The gray orc stood over him. It had not moved during the slaughter, had simply watched, waiting for this moment. It raised its hand, and Nero saw the truth in its eyes. It had let its soldiers die, had used them to wear him down, to bring him to this point.

Now it would kill him.

The gray orc’s hand came down, fingers extended like blades, aimed at his throat.

Nero’s eyes flashed white.

The last of his lightning, all that remained, gathered in his free hand. Not as a sword, not as a storm waiting to be unleashed but just a ball of silent, white fire, small as an apple, bright as a star.

He thrust it into the gray orc’s chest.

’’!!!"

The creature’s eyes went wide. It opened its mouth to scream, but the white fire filled its lungs, its throat, its brain. It froze, a statue of flesh and bone, and then it fell.

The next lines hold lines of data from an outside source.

lemma bounded_range_interaction: "bounded (range interaction)"
proof -
  obtain C where C: "\<And>e t. \<bar>edge_J J e * ft t\<bar> \<le> C * edge_J J e"
    using interaction_term_bound by blast
  have "\<bar>interaction \<theta>\<bar> \<le> (\<Sum>\<^sub>\<infinity>e\<in>edges M. C * edge_J J e)" for \<theta>
  proof -
    have "\<bar>interaction \<theta>\<bar> \<le> (\<Sum>\<^sub>\<infinity>e\<in>edges M. norm (edge_J J e * ft (edge_diff (config M \<theta>bar \<theta>) e)))"
      unfolding interaction_def using norm_infsum_bound[OF interaction_terms_abs_summable] by simp
    also have "\<dots> \<le> (\<Sum>\<^sub>\<infinity>e\<in>edges M. C * edge_J J e)"
      using interaction_terms_abs_summable
        summable_on_cmult_right[OF edge_J_summable[OF J_nonneg J_sym J_sum]]
    proof (rule infsum_mono)
      show "norm (edge_J J e * ft (edge_diff (config M \<theta>bar \<theta>) e)) \<le> C * edge_J J e" for e
        using C by simp
    qed
    finally show ?thesis .
  qed
  then show ?thesis by (auto simp: bounded_iff)
qed

lemma borel_measurable_interaction: "interaction \<in> borel_measurable (angle_measure M)"
  unfolding interaction_def[abs_def]
proof (rule borel_measurable_infsum[OF countable_edges])
  show "(\<lambda>\<theta>. edge_J J e * ft (edge_diff (config M \<theta>bar \<theta>) e)) \<in> borel_measurable (angle_measure M)"
    for e
    by (intro borel_measurable_times borel_measurable_const borel_measurable_edge_diff ft_cont)
  show "(\<lambda>e. edge_J J e * ft (edge_diff (config M \<theta>bar \<theta>) e)) summable_on edges M" for \<theta>
    using interaction_terms_abs_summable by (rule abs_summable_summable)
qed

lemma integrable_Z_A_integrand:
  assumes "finite D"
  shows "integrable (angle_measure M) (\<lambda>\<theta>. exp (interaction \<theta>) * prod (bond_weight \<theta>) D)"
proof -
  obtain B where B: "\<And>\<theta>. \<bar>interaction \<theta>\<bar> \<le> B"
    using bounded_range_interaction by (auto simp: bounded_iff)
  have "\<bar>exp (interaction \<theta>) * prod (bond_weight \<theta>) D\<bar> \<le> exp B * 2 ^ card D" for \<theta>
  proof -
    have "prod (bond_weight \<theta>) D \<le> 2 ^ card D"
      using bond_weight_nonneg bond_weight_le_2 by (intro prod_le_power) auto
    moreover have "exp (interaction \<theta>) \<le> exp B" using B[of \<theta>] by simp
    ultimately show ?thesis
      by (simp add: abs_mult prod_nonneg bond_weight_nonneg mult_mono)
  qed
  moreover have "(\<lambda>\<theta>. exp (interaction \<theta>) * prod (bond_weight \<theta>) D) \<in> borel_measurable (angle_measure M)"
    by (intro borel_measurable_times borel_measurable_prod borel_measurable_bond_weight
          measurable_compose[OF borel_measurable_interaction borel_measurable_exp])
  ultimately show ?thesis
    by (intro finite_measure.integrable_const_bound[OF finite_measure_angle_measure]) auto
qed

lemma Z_A_nonneg:
  assumes "A \<subseteq> edges M"
  shows "0 \<le> Z_A J M \<theta>bar ft eb A"
  unfolding Z_A_eq_integral
  by (intro integral_nonneg_AE AE_I2 mult_nonneg_nonneg net_prod_bond_weight_nonneg assms) simp

lemma Z_total_nonneg: "0 \<le> Z_total J M \<theta>bar ft eb"
  unfolding Z_total_def by (intro infsum_nonneg Z_A_nonneg) auto

lemma Z_A_infinite:
  assumes "A \<subseteq> edges M" and "infinite A"
  shows "Z_A J M \<theta>bar ft eb A = 0"
  unfolding Z_A_eq_integral net_prod_bond_weight_infinite[OF assms] by simp

lemma Z_A_insert_le:
  assumes "finite D" and "e \<notin> D"
  shows "Z_A J M \<theta>bar ft eb (insert e D) \<le> 2 * \<epsilon> * edge_J J e * Z_A J M \<theta>bar ft eb D"
proof -
  let ?w = "\<lambda>\<theta>. exp (interaction \<theta>) * prod (bond_weight \<theta>) D"
  have "Z_A J M \<theta>bar ft eb (insert e D) = (\<integral>\<theta>. bond_weight \<theta> e * ?w \<theta> \<partial>angle_measure M)"
    unfolding Z_A_eq_integral using assms by (simp add: net_prod_finite mult.left_commute)
  also have "\<dots> \<le> (\<integral>\<theta>. 2 * \<epsilon> * edge_J J e * ?w \<theta> \<partial>angle_measure M)"
  proof (rule integral_mono)
    show "integrable (angle_measure M) (\<lambda>\<theta>. bond_weight \<theta> e * ?w \<theta>)"
      using integrable_Z_A_integrand[of "insert e D"] assms by (simp add: mult.left_commute)
    show "integrable (angle_measure M) (\<lambda>\<theta>. 2 * \<epsilon> * edge_J J e * ?w \<theta>)"
      using integrable_Z_A_integrand[OF assms(1)] by simp
    show "bond_weight \<theta> e * ?w \<theta> \<le> 2 * \<epsilon> * edge_J J e * ?w \<theta>" for \<theta>
      by (intro mult_right_mono bond_weight_le) (simp add: prod_nonneg bond_weight_nonneg)
  qed
  also have "\<dots> = 2 * \<epsilon> * edge_J J e * Z_A J M \<theta>bar ft eb D"
    unfolding Z_A_eq_integral using assms by (simp add: net_prod_finite)
  finally show ?thesis .
qed

lemma edge_pi_insert_le:
  assumes "D \<subseteq> edges M" and "e \<in> edges M" and "e \<notin> D"
  shows "edge_pi J M \<theta>bar ft eb (insert e D) \<le> 2 * \<epsilon> * edge_J J e * edge_pi J M \<theta>bar ft eb D"
proof (cases "finite D")
  case True
  then show ?thesis
    unfolding edge_pi_def using Z_A_insert_le[OF True assms(3)] Z_total_nonneg
    by (simp add: divide_right_mono)
next
  case False
  then show ?thesis
    unfolding edge_pi_def using assms by (simp add: Z_A_infinite)
qed

end

theorem mainTheorem4:
  fixes J :: "vertex \<Rightarrow> real" and M :: int and \<theta>bar :: "vertex \<Rightarrow> real"
    and K :: nat and c :: "nat \<Rightarrow> real" and eb :: "real \<Rightarrow> real" and \<epsilon> :: real
  assumes J_nonneg: "\<And>x. J x \<ge> 0"
    and J_sym: "\<And>x. J x = J (- x)"
    and J_sum: "(J has_sum 1) UNIV"
    and M_ge: "M \<ge> 1"
    and bc: "\<And>y. \<theta>bar y \<in> {0..<2*pi}"
    and eb_cont: "continuous_on UNIV eb"
    and eb_per: "\<And>t. eb (t + 2*pi) = eb t"
    and eb_bounds: "\<And>t. 0 \<le> eb t \<and> eb t \<le> \<epsilon>"
    and eps: "0 < \<epsilon>" "\<epsilon> \<le> 1"
  shows "\<forall>D x y. D \<subseteq> edges M \<longrightarrow> x \<noteq> y \<longrightarrow> {x, y} \<in> edges M \<longrightarrow> {x, y} \<notin> D \<longrightarrow>
           edge_pi J M \<theta>bar (trig_poly K c) eb (insert {x, y} D)
             \<le> 2 * \<epsilon> * J (x - y) * edge_pi J M \<theta>bar (trig_poly K c) eb D"
proof (intro allI impI)
  interpret rotator_model J M \<theta>bar "trig_poly K c" eb \<epsilon>
    using J_nonneg J_sym J_sum eb_cont eb_bounds eps
    by unfold_locales (simp_all add: continuous_on_trig_poly bounded_range_trig_poly)
  fix D x y
  assume "D \<subseteq> edges M" "x \<noteq> y" "{x, y} \<in> edges M" "{x, y} \<notin> D"
  with edge_pi_insert_le edge_J_doubleton[where J = J, OF \<open>x \<noteq> y\<close> J_sym]
  show "edge_pi J M \<theta>bar (trig_poly K c) eb (insert {x, y} D)
      \<le> 2 * \<epsilon> * J (x - y) * edge_pi J M \<theta>bar (trig_poly K c) eb D"
    by metis
qed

Nero fell with it, his body collapsing, his sword slipping from his grip. He lay among the corpses, his chest heaving, his blood pooling on the scorched earth. The white lightning was gone. The field was silent.

He was alive.

The notification appeared, soft blue against the gray sky.

Second wave cleared.

Third wave approaching in thirty minutes.

Nero closed his eyes. His wounds were already healing, the earth law working through his flesh, knitting bone, sealing flesh. But it was slow. Too slow. He needed time.

Thirty minutes. It would have to be enough.

He lay there in the silence, breathing, waiting. The third wave was coming. And he would be ready. He had to be.